Abstract

Abstract Background and Aims Antibodies to M-type phospholipase A2 receptor (PLA2R-Ab) are considered to be a promising biomarker for laboratory diagnosis of primary membranous nephropathy (PMN) and may be useful in the evaluation of the response to therapy and CKD prognosis. The aim of the study was to compare two immunoassay methods – indirect immunofluorescence (IIF) and enzyme immunoassay (ELISA) for the determination of circulating PLA2R-Ab in patients with PMN. Method The study included 54 patients aged 55 (40-63) yrs. (M: F [33:21]) with PMN before treatment (n=16) and treated with immunosuppressive therapy (IST) (n=38), and apparently healthy individuals of the corresponding gender and age (n=10). Proteinuria and estimated glomerular filtration rate (eGFR) were determined in all participants. The levels of PLA2R-Ab were determined by IIF and quantitative/ semi-quantitative ELISA (EURUIMMUN AG test, Germany).
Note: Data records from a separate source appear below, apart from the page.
(* Let $X$ be a shift space, let $n\ge1$, $m\ge0$, and let $V\subseteq\mathcal L(X)$ be a finite $X$-maximal prefix code. If $\mathcal E_{\mathcal L_n(X),V}(w)$ is a tree for every $w\in\mathcal L_{\ge m}(X)$, then for every $w\in\mathcal L_{\ge m}(X)$ and every $\ell\in\mathcal L_{\ge n-1}(X)$ with $\ell w\in\mathcal L(X)$, the graph $\mathcal E_{A,V}(\ell w)$ is a tree.
   Context: $A$ is a finite alphabet; a shift space is a closed shift-invariant subset $X\subseteq A^{\mathbb Z}$; $\mathcal L(X)$ is its set of finite factors, $\mathcal L_n(X)=\mathcal L(X)\cap A^n$, $\mathcal L_{\ge n}(X)=\bigcup_{k\ge n}\mathcal L_k(X)$. A prefix code is a set of words none of which is a proper prefix of another; a prefix code $V\subseteq\mathcal L(X)$ is $X$-maximal if it is not properly contained in a prefix code contained in $\mathcal L(X)$. For $U,V\subseteq A^*$ and $w\in\mathcal L(X)$, let $L_U(w)=\{u\in U: uw\in\mathcal L(X)\}$ and $R_V(w)=\{v\in V: wv\in\mathcal L(X)\}$; the generalized extension graph $\mathcal E_{U,V}(w)$ is the undirected bipartite graph with vertex set the disjoint union of $L_U(w)$ and $R_V(w)$ and an edge $(u,v)$ iff $uwv\in\mathcal L(X)$. (Here $A$ denotes the set of one-letter words.) *)

theory Defs
  imports "HOL-Analysis.Analysis" "HOL-Library.Sublist"
begin

definition shift :: "(int \<Rightarrow> 'a) \<Rightarrow> (int \<Rightarrow> 'a)" where
  "shift x = (\<lambda>i. x (i + 1))"

definition shift_space :: "(int \<Rightarrow> 'a::finite) set \<Rightarrow> bool" where
  "shift_space X \<longleftrightarrow>
     closedin (product_topology (\<lambda>_. discrete_topology (UNIV :: 'a set)) (UNIV :: int set)) X
     \<and> shift ` X = X"

text \<open>Finite factors (the empty word included when X is nonempty).\<close>
definition lang :: "(int \<Rightarrow> 'a) set \<Rightarrow> 'a list set" where
  "lang X = {w. \<exists>x\<in>X. \<exists>i::int. w = map (\<lambda>j. x (i + int j)) [0..<length w]}"

definition lang_n :: "(int \<Rightarrow> 'a) set \<Rightarrow> nat \<Rightarrow> 'a list set" where
  "lang_n X n = {w \<in> lang X. length w = n}"

definition lang_ge :: "(int \<Rightarrow> 'a) set \<Rightarrow> nat \<Rightarrow> 'a list set" where
  "lang_ge X n = {w \<in> lang X. n \<le> length w}"

definition letters :: "'a list set" where
  "letters = {[a] | a. True}"

definition prefix_code :: "'a list set \<Rightarrow> bool" where
  "prefix_code V \<longleftrightarrow> (\<forall>u\<in>V. \<forall>v\<in>V. \<not> strict_prefix u v)"

definition X_maximal_prefix_code :: "(int \<Rightarrow> 'a) set \<Rightarrow> 'a list set \<Rightarrow> bool" where
  "X_maximal_prefix_code X V \<longleftrightarrow> prefix_code V \<and> V \<subseteq> lang X \<and>
     \<not> (\<exists>W. prefix_code W \<and> W \<subseteq> lang X \<and> V \<subset> W)"

definition L_ext :: "(int \<Rightarrow> 'a) set \<Rightarrow> 'a list set \<Rightarrow> 'a list \<Rightarrow> 'a list set" where
  "L_ext X U w = {u \<in> U. u @ w \<in> lang X}"

definition R_ext :: "(int \<Rightarrow> 'a) set \<Rightarrow> 'a list set \<Rightarrow> 'a list \<Rightarrow> 'a list set" where
  "R_ext X V w = {v \<in> V. w @ v \<in> lang X}"

text \<open>Generalized extension graph E_{U,V}(w): vertices Inl u (u in L_U(w)) and
  Inr v (v in R_V(w)); undirected edges {Inl u, Inr v} iff u w v in L(X).\<close>

definition ext_verts :: "(int \<Rightarrow> 'a) set \<Rightarrow> 'a list set \<Rightarrow> 'a list set \<Rightarrow> 'a list
    \<Rightarrow> ('a list + 'a list) set" where
  "ext_verts X U V w = Inl ` L_ext X U w \<union> Inr ` R_ext X V w"

definition ext_adj :: "(int \<Rightarrow> 'a) set \<Rightarrow> 'a list set \<Rightarrow> 'a list set \<Rightarrow> 'a list
    \<Rightarrow> ('a list + 'a list) \<Rightarrow> ('a list + 'a list) \<Rightarrow> bool" where
  "ext_adj X U V w p q \<longleftrightarrow> p \<in> ext_verts X U V w \<and> q \<in> ext_verts X U V w \<and>
     (\<exists>u v. ((p = Inl u \<and> q = Inr v) \<or> (p = Inr v \<and> q = Inl u)) \<and> u @ w @ v \<in> lang X)"

definition ug_connected :: "'v set \<Rightarrow> ('v \<Rightarrow> 'v \<Rightarrow> bool) \<Rightarrow> bool" where
  "ug_connected Vs E \<longleftrightarrow> Vs \<noteq> {} \<and>
     (\<forall>p\<in>Vs. \<forall>q\<in>Vs. (\<lambda>a b. a \<in> Vs \<and> b \<in> Vs \<and> E a b)\<^sup>*\<^sup>* p q)"

definition ug_cycle :: "'v set \<Rightarrow> ('v \<Rightarrow> 'v \<Rightarrow> bool) \<Rightarrow> 'v list \<Rightarrow> bool" where
  "ug_cycle Vs E cs \<longleftrightarrow> 3 \<le> length cs \<and> distinct cs \<and> set cs \<subseteq> Vs \<and>
     (\<forall>i < length cs - 1. E (cs ! i) (cs ! Suc i)) \<and> E (last cs) (hd cs)"

definition ug_tree :: "'v set \<Rightarrow> ('v \<Rightarrow> 'v \<Rightarrow> bool) \<Rightarrow> bool" where
  "ug_tree Vs E \<longleftrightarrow> ug_connected Vs E \<and> \<not> (\<exists>cs. ug_cycle Vs E cs)"

definition ext_graph_is_tree :: "(int \<Rightarrow> 'a) set \<Rightarrow> 'a list set \<Rightarrow> 'a list set \<Rightarrow> 'a list \<Rightarrow> bool" where
  "ext_graph_is_tree X U V w = ug_tree (ext_verts X U V w) (ext_adj X U V w)"

end

theory Submission
  imports Defs
begin

text \<open>Write \<open>l = q r\<close> with \<open>|q| = n - 1\<close>. Appending \<open>q\<close> to the left vertices embeds
  \<open>E_{A,V}(q r w)\<close> into \<open>E_{L_n(X),V}(r w)\<close>, so the former is acyclic. Keeping only the last
  letter of the left vertices maps \<open>E_{L_n(X),V}(l w)\<close> homomorphically onto \<open>E_{A,V}(l w)\<close>;
  it is onto because every factor extends to the left, so the latter is connected.\<close>

lemma map_upt_eq_iff_nth:
  "w = map f [0..<length w] \<longleftrightarrow> (\<forall>k < length w. w ! k = f k)"
  by (metis length_map length_upt minus_nat.diff_0 nth_equalityI nth_map_upt plus_nat.add_0)

lemma lang_iff_nth:
  "w \<in> lang X \<longleftrightarrow> (\<exists>x\<in>X. \<exists>i. \<forall>k < length w. w ! k = x (i + int k))"
  unfolding lang_def mem_Collect_eq map_upt_eq_iff_nth ..

lemma lang_sublist:
  assumes "sublist s w" "w \<in> lang X"
  shows "s \<in> lang X"
proof -
  obtain p r where w: "w = p @ s @ r" using assms(1) by (auto simp: sublist_def)
  obtain x i where "x \<in> X" and x: "\<forall>k < length w. w ! k = x (i + int k)"
    using assms(2) by (auto simp: lang_iff_nth)
  have "s ! k = x (i + int (length p) + int k)" if "k < length s" for k
    using x[rule_format, of "length p + k"] that by (simp add: w nth_append add.assoc)
  thus ?thesis using \<open>x \<in> X\<close> by (auto simp: lang_iff_nth)
qed

lemma lang_append_left: "u @ z \<in> lang X \<Longrightarrow> u \<in> lang X"
  by (rule lang_sublist[of u "u @ z"]) auto

lemma lang_append_right: "u @ z \<in> lang X \<Longrightarrow> z \<in> lang X"
  by (rule lang_sublist[of z "u @ z"]) auto

lemma lang_extend_left:
  assumes "z \<in> lang X"
  obtains u where "length u = k" "u @ z \<in> lang X"
proof -
  obtain x i where "x \<in> X" and x: "\<forall>j < length z. z ! j = x (i + int j)"
    using assms by (auto simp: lang_iff_nth)
  define u where "u = map (\<lambda>j. x (i - int k + int j)) [0..<k]"
  have "(u @ z) ! j = x (i - int k + int j)" if "j < length (u @ z)" for j
    using that x[rule_format, of "j - k"] by (auto simp: u_def nth_append algebra_simps)
  hence "u @ z \<in> lang X" using \<open>x \<in> X\<close> by (auto simp: lang_iff_nth)
  moreover have "length u = k" by (simp add: u_def)
  ultimately show thesis using that by blast
qed

definition ug_acyclic :: "'v set \<Rightarrow> ('v \<Rightarrow> 'v \<Rightarrow> bool) \<Rightarrow> bool" where
  "ug_acyclic Vs E \<longleftrightarrow> \<not> (\<exists>cs. ug_cycle Vs E cs)"

lemma ug_tree_iff: "ug_tree Vs E \<longleftrightarrow> ug_connected Vs E \<and> ug_acyclic Vs E"
  by (simp add: ug_tree_def ug_acyclic_def)

lemma rtranclp_restricted_hom:
  assumes "(\<lambda>a b. a \<in> V2 \<and> b \<in> V2 \<and> E2 a b)\<^sup>*\<^sup>* p q" "f ` V2 \<subseteq> V1"
    and "\<And>a b. a \<in> V2 \<Longrightarrow> b \<in> V2 \<Longrightarrow> E2 a b \<Longrightarrow> E1 (f a) (f b)"
  shows "(\<lambda>a b. a \<in> V1 \<and> b \<in> V1 \<and> E1 a b)\<^sup>*\<^sup>* (f p) (f q)"
  using assms(1)
proof (induction rule: rtranclp_induct)
  case (step y z)
  hence "(\<lambda>a b. a \<in> V1 \<and> b \<in> V1 \<and> E1 a b) (f y) (f z)" using assms(2,3) by blast
  with step.IH show ?case by (rule rtranclp.rtrancl_into_rtrancl)
qed simp

lemma ug_connected_hom_image:
  assumes "ug_connected V2 E2" "f ` V2 = V1"
    and "\<And>a b. a \<in> V2 \<Longrightarrow> b \<in> V2 \<Longrightarrow> E2 a b \<Longrightarrow> E1 (f a) (f b)"
  shows "ug_connected V1 E1"
  unfolding ug_connected_def
proof (intro conjI ballI)
  show "V1 \<noteq> {}" using assms(1,2) by (auto simp: ug_connected_def)
next
  fix p q assume "p \<in> V1" "q \<in> V1"
  then obtain p' q' where "p' \<in> V2" "q' \<in> V2" "p = f p'" "q = f q'" using assms(2) by blast
  thus "(\<lambda>a b. a \<in> V1 \<and> b \<in> V1 \<and> E1 a b)\<^sup>*\<^sup>* p q"
    using assms rtranclp_restricted_hom[of V2 E2 p' q' f V1 E1] by (auto simp: ug_connected_def)
qed

lemma ug_cycle_inj_hom:
  assumes "ug_cycle V1 E1 cs" "inj_on f V1" "f ` V1 \<subseteq> V2"
    and "\<And>a b. a \<in> V1 \<Longrightarrow> b \<in> V1 \<Longrightarrow> E1 a b \<Longrightarrow> E2 (f a) (f b)"
  shows "ug_cycle V2 E2 (map f cs)"
proof -
  have "cs \<noteq> []" and cs: "set cs \<subseteq> V1" using assms(1) by (auto simp: ug_cycle_def)
  have "E2 (f (cs ! i)) (f (cs ! Suc i))" if "i < length cs - 1" for i
  proof -
    have "cs ! i \<in> V1" "cs ! Suc i \<in> V1" using cs that by auto
    thus ?thesis using assms(1,4) that by (auto simp: ug_cycle_def)
  qed
  moreover have "E2 (f (last cs)) (f (hd cs))"
  proof -
    have "last cs \<in> V1" "hd cs \<in> V1" using cs \<open>cs \<noteq> []\<close> by auto
    thus ?thesis using assms(1,4) by (auto simp: ug_cycle_def)
  qed
  moreover have "distinct (map f cs)"
    using assms(1,2) cs by (auto simp: ug_cycle_def distinct_map inj_on_subset)
  ultimately show ?thesis
    using assms(1,3) cs \<open>cs \<noteq> []\<close> by (auto simp: ug_cycle_def last_map hd_map)
qed

lemma ug_acyclic_inj_hom:
  assumes "ug_acyclic V2 E2" "inj_on f V1" "f ` V1 \<subseteq> V2"
    and "\<And>a b. a \<in> V1 \<Longrightarrow> b \<in> V1 \<Longrightarrow> E1 a b \<Longrightarrow> E2 (f a) (f b)"
  shows "ug_acyclic V1 E1"
  using assms ug_cycle_inj_hom[of V1 E1 _ f V2 E2] by (auto simp: ug_acyclic_def)

lemma ext_graph_letters:
  "ext_verts X letters V w = ext_verts X (lang_n X 1) V w"
  "ext_adj X letters V w = ext_adj X (lang_n X 1) V w"
proof -
  have "u \<in> letters \<longleftrightarrow> u \<in> lang_n X 1" if "u @ w \<in> lang X" for u
    using lang_append_left[OF that] by (auto simp: letters_def lang_n_def length_Suc_conv)
  hence "L_ext X letters w = L_ext X (lang_n X 1) w" by (auto simp: L_ext_def)
  thus "ext_verts X letters V w = ext_verts X (lang_n X 1) V w" by (simp add: ext_verts_def)
  thus "ext_adj X letters V w = ext_adj X (lang_n X 1) V w" by (simp add: ext_adj_def fun_eq_iff)
qed

lemma ext_graph_acyclic_shift_context:
  assumes "ug_acyclic (ext_verts X (lang_n X (k + length q)) V z)
                      (ext_adj X (lang_n X (k + length q)) V z)"
  shows "ug_acyclic (ext_verts X (lang_n X k) V (q @ z)) (ext_adj X (lang_n X k) V (q @ z))"
proof -
  define f :: "'a list + 'a list \<Rightarrow> 'a list + 'a list"
    where "f = case_sum (\<lambda>u. Inl (u @ q)) Inr"
  have verts: "f ` ext_verts X (lang_n X k) V (q @ z) \<subseteq> ext_verts X (lang_n X (k + length q)) V z"
    using lang_append_right[of q] lang_append_left[of "_ @ q" z]
    by (force simp: f_def ext_verts_def L_ext_def R_ext_def lang_n_def)
  show ?thesis
  proof (rule ug_acyclic_inj_hom[OF assms _ verts])
    show "inj_on f (ext_verts X (lang_n X k) V (q @ z))"
      by (auto simp: inj_on_def f_def split: sum.splits)
  next
    fix a b assume "a \<in> ext_verts X (lang_n X k) V (q @ z)" "b \<in> ext_verts X (lang_n X k) V (q @ z)"
      and "ext_adj X (lang_n X k) V (q @ z) a b"
    thus "ext_adj X (lang_n X (k + length q)) V z (f a) (f b)"
      using verts unfolding ext_adj_def by (auto simp: f_def)
  qed
qed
In 16 PMN patients without treatment and 28 PMN patients treated with IST the level of PLA2R-Ab was measured one time and in 10 PMN patients treated IST – in dynamic, from 2 to 5 times. Statistical comparisons among groups were performed using Mann–Whitney U-test and Kruskal-Wallis H tests. The association between variables was estimated using Spearman’s coefficient. Sensitivity and specificity of the methods were calculated. Results The correlation coefficient between IIF and ELISA was 0.82 (p <0.005). There were more PLA2R-Ab-positive cases detected by ELISA, both before treatment (ELISA - 80%, IIF - 67%) and among patients treated with IST (ELISA - 63%, IIF - 50%). In control group, ELISA showed no positive results for PLA2R-Ab (specificity was 100%). The levels of proteinuria and eGFR were associated with autoantibodies determined by ELISA, both quantitative and semi-quantitative (proteinuria: r = 0.69, p = 0.001; eGFR: r = -0.38, p = 0.035) but not by IIF (proteinuria: r=0.33, p=0.061; eGFR: r=-0.26, p=0.082). The levels of PLA2R-Ab measured by ELISA correlated with the course of disease in patients treated with IST, while IIF did not show any dynamics is some cases. Conclusion Both quantitative and semi-quantitative ELISA were considered to be more preferable methods since the obtained results correlate with renal dysfunction and allow to assess the concentration of PLA2R-Ab in the course of disease more accurately, that may contribute to timely correction of treatment and improvement of outcome.